## EXERCISE PROMPT
Report back every line of the entries that contains "omega", exactly as written.

** Opening DATA TO USE block **

(* Consider the two-dimensional Euler–Poincaré equation $\partial_t\mathbf m=-\mathbf u\cdot\nabla\mathbf m-(\nabla\mathbf u)^T\cdot\mathbf m-\mathbf m\,\mathrm{div}\,\mathbf u$ with $\mathbf m=\mathbf u-\Delta\mathbf u$, restricted to fields depending only on $(x,t)$, so that $\mathbf u(x,t)=\int_{\mathbb R}G(x,y)\mathbf m(y,t)\,dy$ with $G(x,y)=\frac12e^{-|x-y|}$. For the ansatz $$\mathbf m(x,t)=\sum_{i=1}^N\big(p_i(t)\hat{\mathbf x}+v_i(t)\hat{\mathbf y}\big)\delta(x-q_i(t)),$$ both the $x$- and $y$-components of the equation yield the same equation $\dot q_i=\sum_jp_jG(q_i,q_j)$; moreover $\dot v_i=0$, and $(q_i,p_i)$ satisfy Hamilton's canonical equations $\dot q_i=\partial H/\partial p_i$, $\dot p_i=-\partial H/\partial q_i$ with $$H=\frac12\sum_{i,j=1}^N(p_ip_j+v_iv_j)G(q_i,q_j),$$ the $v_i$ being constant parameters. The variables $y_i$ canonically conjugate to $v_i$ ($\{y_i,v_j\}=\delta_{ij}$) satisfy $\dot y_i=\sum_jv_jG(q_i,q_j)=\hat{\mathbf y}\cdot\mathbf u(q_i,t)$.
   Context: $\hat{\mathbf x},\hat{\mathbf y}$ are the Cartesian unit vectors; solutions are understood in the weak (distributional) sense, with the derivative of $G$ at its kink interpreted as the average of the one-sided limits, consistently with $\partial H/\partial q_i$. The $q_i$ are assumed distinct. *)

theory Defs
  imports "HOL-Analysis.Analysis"
begin

text \<open>Green function of 1 - d^2/dx^2 on the real line.\<close>
definition G :: "real \<Rightarrow> real \<Rightarrow> real" where
  "G x y = exp (- \<bar>x - y\<bar>) / 2"

text \<open>x-derivative of G(x,y); at the kink x = y it is the average of the
  one-sided limits (namely 0), which is what sgn 0 = 0 produces.\<close>
definition Gx :: "real \<Rightarrow> real \<Rightarrow> real" where
  "Gx x y = - sgn (x - y) * G x y"

text \<open>For m = sum_j a_j(t) delta(x - q_j(t)) (one component of the momentum),
  the corresponding velocity component  u(x,t) = int G(x,y) m(y,t) dy  and its
  x-derivative (averaged at the kinks).\<close>
definition vel :: "nat \<Rightarrow> (nat \<Rightarrow> real \<Rightarrow> real) \<Rightarrow> (nat \<Rightarrow> real \<Rightarrow> real) \<Rightarrow> real \<Rightarrow> real \<Rightarrow> real" where
  "vel N q a x t = (\<Sum>j<N. a j t * G x (q j t))"

definition dvel :: "nat \<Rightarrow> (nat \<Rightarrow> real \<Rightarrow> real) \<Rightarrow> (nat \<Rightarrow> real \<Rightarrow> real) \<Rightarrow> real \<Rightarrow> real \<Rightarrow> real" where
  "dvel N q a x t = (\<Sum>j<N. a j t * Gx x (q j t))"

text \<open>Test functions on R x T (first coordinate x, second t): C^1 with compact
  support contained in R x T; phix, phit are its partial derivatives.\<close>
definition test_fn :: "real set \<Rightarrow> (real \<times> real \<Rightarrow> real) \<Rightarrow> (real \<times> real \<Rightarrow> real)
    \<Rightarrow> (real \<times> real \<Rightarrow> real) \<Rightarrow> bool" where
  "test_fn T \<phi> \<phi>x \<phi>t \<longleftrightarrow>
     continuous_on UNIV \<phi>x \<and> continuous_on UNIV \<phi>t \<and>
     (\<forall>z. (\<phi> has_derivative (\<lambda>h. \<phi>x z * fst h + \<phi>t z * snd h)) (at z)) \<and>
     compact (closure {z. \<phi> z \<noteq> 0}) \<and> closure {z. \<phi> z \<noteq> 0} \<subseteq> UNIV \<times> T"

text \<open>Weak form of the x-component of the 2D EP equation for fields depending on
  (x,t) only:  d_t m1 + d_x(u1 m1) + (d_x u1) m1 + (d_x u2) m2 = 0,
  with m1 = sum p_i delta(x-q_i), m2 = sum v_i delta(x-q_i), u = G * m.
  Pairing with a test function phi (delta pairing = point evaluation).\<close>
definition weak_EP_x :: "nat \<Rightarrow> (nat \<Rightarrow> real \<Rightarrow> real) \<Rightarrow> (nat \<Rightarrow> real \<Rightarrow> real)
    \<Rightarrow> (nat \<Rightarrow> real \<Rightarrow> real) \<Rightarrow> real set \<Rightarrow> bool" where
  "weak_EP_x N q p v T \<longleftrightarrow>
     (\<forall>\<phi> \<phi>x \<phi>t. test_fn T \<phi> \<phi>x \<phi>t \<longrightarrow>
        ((\<lambda>t. \<Sum>i<N. p i t * (\<phi>t (q i t, t) + vel N q p (q i t) t * \<phi>x (q i t, t))
                   - (dvel N q p (q i t) t * p i t + dvel N q v (q i t) t * v i t) * \<phi> (q i t, t))
          has_integral 0) T)"

text \<open>Weak form of the y-component:  d_t m2 + d_x(u1 m2) = 0.\<close>
definition weak_EP_y :: "nat \<Rightarrow> (nat \<Rightarrow> real \<Rightarrow> real) \<Rightarrow> (nat \<Rightarrow> real \<Rightarrow> real)
    \<Rightarrow> (nat \<Rightarrow> real \<Rightarrow> real) \<Rightarrow> real set \<Rightarrow> bool" where
  "weak_EP_y N q p v T \<longleftrightarrow>
     (\<forall>\<phi> \<phi>x \<phi>t. test_fn T \<phi> \<phi>x \<phi>t \<longrightarrow>
        ((\<lambda>t. \<Sum>i<N. v i t * (\<phi>t (q i t, t) + vel N q p (q i t) t * \<phi>x (q i t, t)))
          has_integral 0) T)"

definition Ham :: "nat \<Rightarrow> (nat \<Rightarrow> real) \<Rightarrow> (nat \<Rightarrow> real) \<Rightarrow> (nat \<Rightarrow> real) \<Rightarrow> real" where
  "Ham N Q P V = (1/2) * (\<Sum>i<N. \<Sum>j<N. (P i * P j + V i * V j) * G (Q i) (Q j))"

end

theory Submission
  imports Defs
begin

(* The transport terms of both weak equations combine with the test function into total time
   derivatives d/dt [p_i(t) phi(q_i(t), t)] (resp. with v_i), which integrate to zero.  What remains
   is a space-time distribution sum_i (a_i delta(x - q_i) - b_i delta'(x - q_i)) with continuous
   coefficients, and it vanishes only if every a_i and b_i vanishes: a bump in x around one particle
   (or x - q_i times it) multiplied by an ever narrower bump in t isolates each coefficient.  Here
   a_i = -dp_i/dt - dH/dq_i (resp. -dv_i/dt) and b_i = p_i (resp. v_i) times u(q_i) - dq_i/dt. *)

definition bump :: "real \<Rightarrow> real \<Rightarrow> real \<Rightarrow> real" where
  "bump r c x = (max 0 (r\<^sup>2 - (x - c)\<^sup>2))\<^sup>2"

definition bump' :: "real \<Rightarrow> real \<Rightarrow> real \<Rightarrow> real" where
  "bump' r c x = - 4 * max 0 (r\<^sup>2 - (x - c)\<^sup>2) * (x - c)"

lemma DERIV_max0_power2: "((\<lambda>y::real. (max 0 y)\<^sup>2) has_real_derivative 2 * max 0 y) (at y)"
proof (cases y "0::real" rule: linorder_cases)
  case less
  have "((\<lambda>y::real. 0) has_real_derivative 2 * max 0 y) (at y)"
    using less by simp
  then show ?thesis
    by (rule has_field_derivative_transform_within_open[where S="{..<0}"]) (use less in auto)
next
  case greater
  have "((\<lambda>y::real. y\<^sup>2) has_real_derivative 2 * max 0 y) (at y)"
    using greater by (auto intro!: derivative_eq_intros)
  then show ?thesis
    by (rule has_field_derivative_transform_within_open[where S="{0<..}"]) (use greater in auto)
next
  case equal
  have quotient: "(max 0 z)\<^sup>2 / z = max 0 z" if "z \<noteq> 0" for z :: real
    using that by (cases "z > 0") (auto simp: power2_eq_square max_def)
  have "((\<lambda>z::real. max 0 z) \<longlongrightarrow> 0) (at 0)"
    using tendsto_max[OF tendsto_const tendsto_ident_at, of 0 0 UNIV] by simp
  then have "((\<lambda>z::real. (max 0 z)\<^sup>2 / z) \<longlongrightarrow> 0) (at 0)"
    by (rule Lim_transform_eventually) (simp add: eventually_at_filter quotient)
  then show ?thesis
    using equal by (simp add: has_field_derivative_iff)
qed

lemma bump_has_derivative: "(bump r c has_real_derivative bump' r c x) (at x)"
proof -
  have "((\<lambda>x. (max 0 (r\<^sup>2 - (x - c)\<^sup>2))\<^sup>2) has_real_derivative
      2 * max 0 (r\<^sup>2 - (x - c)\<^sup>2) * - (2 * (x - c) * 1)) (at x)"
    by (rule DERIV_chain2[OF DERIV_max0_power2]) (auto intro!: derivative_eq_intros)
  then show ?thesis
    unfolding bump_def[abs_def] bump'_def by (simp add: algebra_simps)
qed

lemma continuous_on_bump': "continuous_on UNIV (bump' r c)"
  unfolding bump'_def by (intro continuous_intros)

lemma bump_nonneg: "bump r c x \<ge> 0"
  unfolding bump_def by simp

lemma bump_center: "bump r c c = r ^ 4" "bump' r c c = 0"
  unfolding bump_def bump'_def by auto

lemma bump_outside:
  assumes "r \<ge> 0" "\<bar>x - c\<bar> \<ge> r"
  shows "bump r c x = 0" "bump' r c x = 0"
proof -
  have "r\<^sup>2 \<le> (x - c)\<^sup>2"
    using assms by (metis abs_le_square_iff abs_of_nonneg)
  then show "bump r c x = 0" "bump' r c x = 0"
    unfolding bump_def bump'_def by auto
qed

lemma bump_integrals_vanish_imp_zero:
  fixes h :: "real \<Rightarrow> real"
  assumes T: "open T" "t0 \<in> T" and h: "continuous_on T h"
    and vanish: "\<And>\<rho>. \<rho> > 0 \<Longrightarrow> cball t0 \<rho> \<subseteq> T \<Longrightarrow> ((\<lambda>t. h t * bump \<rho> t0 t) has_integral 0) T"
  shows "h t0 = 0"
proof (rule ccontr)
  assume "h t0 \<noteq> 0"
  then have pos: "h t0 * h t0 > 0"
    by (simp add: zero_less_mult_iff linorder_neq_iff disj_commute)
  have "continuous_on T (\<lambda>t. h t0 * h t)"
    using h by (intro continuous_intros)
  then obtain d where d: "d > 0" "\<And>t. t \<in> T \<Longrightarrow> dist t t0 < d \<Longrightarrow> dist (h t0 * h t) (h t0 * h t0) < h t0 * h t0"
    using T pos unfolding continuous_on_iff by metis
  obtain e where e: "e > 0" "ball t0 e \<subseteq> T"
    using T open_contains_ball by blast
  define \<rho> where "\<rho> = min d e / 2"
  have \<rho>: "\<rho> > 0" "cball t0 \<rho> \<subseteq> T"
    using d e by (auto simp: \<rho>_def)
  have sign: "h t0 * h t > 0" if "t \<in> cball t0 \<rho>" for t
  proof -
    have "t \<in> T" "dist t t0 < d"
      using that \<rho>(2) d(1) e(1) by (auto simp: \<rho>_def dist_commute)
    then show ?thesis
      using d(2) by (force simp: dist_real_def abs_less_iff)
  qed
  define f where "f t = h t0 * h t * bump \<rho> t0 t" for t
  have "f = (\<lambda>t. h t0 * (h t * bump \<rho> t0 t))"
    by (simp add: f_def[abs_def] mult.assoc)
  then have f_int: "((\<lambda>t. if t \<in> T then f t else 0) has_integral 0) UNIV"
    using has_integral_mult_right[OF vanish[OF \<rho>], of "h t0"] by (simp add: has_integral_restrict_UNIV)
  have box: "cbox (t0 - \<rho>) (t0 + \<rho>) = cball t0 \<rho>"
    by (simp add: cbox_interval cball_eq_atLeastAtMost)
  have restrict: "(if t \<in> T then f t else 0) = (if t \<in> cbox (t0 - \<rho>) (t0 + \<rho>) then f t else 0)" for t
  proof (cases "t \<in> cbox (t0 - \<rho>) (t0 + \<rho>)")
    case True
    then have "t \<in> T"
      using box \<rho>(2) by blast
    with True show ?thesis
      by simp
  next
    case False
    then have "\<rho> \<le> \<bar>t - t0\<bar>"
      by (auto simp: cbox_interval)
    with False show ?thesis
      using bump_outside(1) \<rho>(1) by (simp add: f_def)
  qed
  have "(f has_integral 0) (cbox (t0 - \<rho>) (t0 + \<rho>))"
    using f_int unfolding restrict has_integral_restrict_UNIV .
  then have "f t0 = 0"
  proof (rule has_integral_0_cbox_imp_0[rotated 2])
    show "continuous_on (cbox (t0 - \<rho>) (t0 + \<rho>)) f"
      unfolding box f_def bump_def using continuous_on_subset[OF h \<rho>(2)]
      by (intro continuous_intros)
    show "0 \<le> f t" if "t \<in> box (t0 - \<rho>) (t0 + \<rho>)" for t
    proof -
      have "t \<in> cball t0 \<rho>"
        using that by (simp add: dist_real_def abs_le_iff)
      then show ?thesis
        unfolding f_def by (rule mult_nonneg_nonneg[OF less_imp_le[OF sign] bump_nonneg])
    qed
  qed (use \<rho> in auto)
  then show False
    using pos \<rho> by (simp add: f_def bump_center)
qed
(* Let $\Omega\subset(\mathbb R+i\mathbb T)^s$ be a finite set of $N=\#\Omega$ frequencies, $\mathbb T=\mathbb R/2\pi\mathbb Z$, and let $f(x)=\sum_{\omega\in\Omega}f_\omega e^{\omega^Tx}$ with all $f_\omega\in\mathbb C\setminus\{0\}$. Let $X_\Omega=\{x_\omega=(e^{\omega_1},\dots,e^{\omega_s}):\omega\in\Omega\}$, $I_\Omega=\{p\in\Pi:p(x_\omega)=0\ \forall\omega\in\Omega\}$, $\Upsilon_N=\{\alpha\in\mathbb N_0^s:\prod_j(\alpha_j+1)\le N\}$, and let $A\subset\mathbb N_0^s$ be finite. Define $F_{\Upsilon_N,A}=[f(\alpha+\beta)]_{\alpha\in\Upsilon_N,\beta\in A}$. Then a vector $p=(p_\beta)_{\beta\in A}\in\mathbb C^A$ satisfies $F_{\Upsilon_N,A}\,p=0$ if and only if the polynomial $p(x)=\sum_{\beta\in A}p_\beta x^\beta$ belongs to $I_\Omega\cap\Pi_A$.
   Context: $\Pi=\mathbb C[x_1,\dots,x_s]$; for $A\subset\mathbb N_0^s$, $\Pi_A$ is the span of the monomials $x^\beta$, $\beta\in A$, and a vector in $\mathbb C^A$ is identified with the polynomial in $\Pi_A$ having these coefficients. Restricting imaginary parts of frequencies to $\mathbb T$ makes the points $x_\omega$, $\omega\in\Omega$, pairwise distinct. *)

theory Defs
  imports Complex_Main
begin

text \<open>Dimension s is encoded by a finite index type 's; multi-indices are
  functions 's \<Rightarrow> nat, frequencies and points are functions 's \<Rightarrow> complex.\<close>

definition point_of :: "('s \<Rightarrow> complex) \<Rightarrow> ('s \<Rightarrow> complex)" where
  "point_of \<omega> = (\<lambda>j. exp (\<omega> j))"

definition monomial_val :: "('s::finite \<Rightarrow> nat) \<Rightarrow> ('s \<Rightarrow> complex) \<Rightarrow> complex" where
  "monomial_val \<beta> x = (\<Prod>j\<in>UNIV. x j ^ \<beta> j)"

definition poly_eval :: "('s::finite \<Rightarrow> nat) set \<Rightarrow> (('s \<Rightarrow> nat) \<Rightarrow> complex) \<Rightarrow> ('s \<Rightarrow> complex) \<Rightarrow> complex" where
  "poly_eval A p x = (\<Sum>\<beta>\<in>A. p \<beta> * monomial_val \<beta> x)"
(* A shift space $X$ is eventually dendric if and only if there is an integer $n\ge 0$ such that every word $w\in LS_{\ge n}(X)$ has exactly one letter $b\in A$ with $wb\in LS(X)$ (equivalently $wb\in LS_{\ge n+1}(X)$), and this letter moreover satisfies $\ell(wb)=\ell(w)$.
   Context: $A$ is a finite alphabet; a shift space is a closed shift-invariant subset $X\subseteq A^{\mathbb Z}$; $\mathcal L(X)$ is its set of finite factors, $\mathcal L_n(X)=\mathcal L(X)\cap A^n$, $\mathcal L_{\ge n}(X)=\bigcup_{k\ge n}\mathcal L_k(X)$. For $w\in\mathcal L(X)$, $L_1(w)=\{a\in A: aw\in\mathcal L(X)\}$, $R_1(w)=\{b\in A: wb\in\mathcal L(X)\}$, $\ell(w)=\mathrm{Card}\,L_1(w)$. A word $w$ is left-special if $\ell(w)\ge 2$; $LS_n(X)$ (resp. $LS_{\ge n}(X)$) is the set of left-special words of $\mathcal L(X)$ of length $n$ (resp. at least $n$), and $LS(X)=\bigcup_{n\ge1}LS_n(X)$. The extension graph $\mathcal E_1(w)$ is the undirected bipartite graph with vertex set the disjoint union of $L_1(w)$ and $R_1(w)$ and an edge $(a,b)$ iff $awb\in\mathcal L(X)$. $X$ is eventually dendric with threshold $m\ge0$ if $\mathcal E_1(w)$ is a tree for every $w\in\mathcal L_{\ge m}(X)$, and eventually dendric if this holds for some $m$. *)

theory Defs
  imports Main
begin

text \<open>Configurations are bi-infinite sequences over a finite alphabet given by the
  type 'a (alphabet A = UNIV). Words are lists.\<close>

definition shift :: "(int \<Rightarrow> 'a) \<Rightarrow> (int \<Rightarrow> 'a)" where
  "shift x = (\<lambda>i. x (i + 1))"

text \<open>Closedness in the product of discrete topologies: a configuration all of
  whose central windows agree with points of X belongs to X.\<close>
definition closed_shift :: "(int \<Rightarrow> 'a) set \<Rightarrow> bool" where
  "closed_shift X \<longleftrightarrow>
     (\<forall>x. (\<forall>n::nat. \<exists>y\<in>X. \<forall>i::int. \<bar>i\<bar> \<le> int n \<longrightarrow> y i = x i) \<longrightarrow> x \<in> X)"

definition shift_space :: "(int \<Rightarrow> 'a::finite) set \<Rightarrow> bool" where
  "shift_space X \<longleftrightarrow> closed_shift X \<and> shift ` X = X"

definition lang :: "(int \<Rightarrow> 'a) set \<Rightarrow> 'a list set" where
  "lang X = {w. \<exists>x\<in>X. \<exists>i::int. w = map (\<lambda>k. x (i + int k)) [0..<length w]}"

definition L1 :: "(int \<Rightarrow> 'a) set \<Rightarrow> 'a list \<Rightarrow> 'a set" where
  "L1 X w = {a. a # w \<in> lang X}"

definition R1 :: "(int \<Rightarrow> 'a) set \<Rightarrow> 'a list \<Rightarrow> 'a set" where
  "R1 X w = {b. w @ [b] \<in> lang X}"

definition ell :: "(int \<Rightarrow> 'a) set \<Rightarrow> 'a list \<Rightarrow> nat" where
  "ell X w = card (L1 X w)"

definition left_special :: "(int \<Rightarrow> 'a) set \<Rightarrow> 'a list \<Rightarrow> bool" where
  "left_special X w \<longleftrightarrow> w \<in> lang X \<and> ell X w \<ge> 2"

definition LS :: "(int \<Rightarrow> 'a) set \<Rightarrow> 'a list set" where
  "LS X = {w. left_special X w \<and> length w \<ge> 1}"

definition LS_ge :: "(int \<Rightarrow> 'a) set \<Rightarrow> nat \<Rightarrow> 'a list set" where
  "LS_ge X n = {w. left_special X w \<and> length w \<ge> n}"

text \<open>Simple undirected graphs given by a vertex set V and an adjacency relation E
  (assumed symmetric). Trees: nonempty, connected, without cycles.\<close>
definition ugraph_connected :: "'v set \<Rightarrow> ('v \<Rightarrow> 'v \<Rightarrow> bool) \<Rightarrow> bool" where
  "ugraph_connected V E \<longleftrightarrow>
     (\<forall>u\<in>V. \<forall>v\<in>V. (u, v) \<in> {(a, b). a \<in> V \<and> b \<in> V \<and> E a b}\<^sup>*)"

** Closing DATA TO USE block **

## SOLVED EXERCISE
(* Let $\Omega\subset(\mathbb R+i\mathbb T)^s$ be a finite set of $N=\#\Omega$ frequencies, $\mathbb T=\mathbb R/2\pi\mathbb Z$, and let $f(x)=\sum_{\omega\in\Omega}f_\omega e^{\omega^Tx}$ with all $f_\omega\in\mathbb C\setminus\{0\}$. Let $X_\Omega=\{x_\omega=(e^{\omega_1},\dots,e^{\omega_s}):\omega\in\Omega\}$, $I_\Omega=\{p\in\Pi:p(x_\omega)=0\ \forall\omega\in\Omega\}$, $\Upsilon_N=\{\alpha\in\mathbb N_0^s:\prod_j(\alpha_j+1)\le N\}$, and let $A\subset\mathbb N_0^s$ be finite. Define $F_{\Upsilon_N,A}=[f(\alpha+\beta)]_{\alpha\in\Upsilon_N,\beta\in A}$. Then a vector $p=(p_\beta)_{\beta\in A}\in\mathbb C^A$ satisfies $F_{\Upsilon_N,A}\,p=0$ if and only if the polynomial $p(x)=\sum_{\beta\in A}p_\beta x^\beta$ belongs to $I_\Omega\cap\Pi_A$.
   Context: $\Pi=\mathbb C[x_1,\dots,x_s]$; for $A\subset\mathbb N_0^s$, $\Pi_A$ is the span of the monomials $x^\beta$, $\beta\in A$, and a vector in $\mathbb C^A$ is identified with the polynomial in $\Pi_A$ having these coefficients. Restricting imaginary parts of frequencies to $\mathbb T$ makes the points $x_\omega$, $\omega\in\Omega$, pairwise distinct. *)
  "point_of \<omega> = (\<lambda>j. exp (\<omega> j))"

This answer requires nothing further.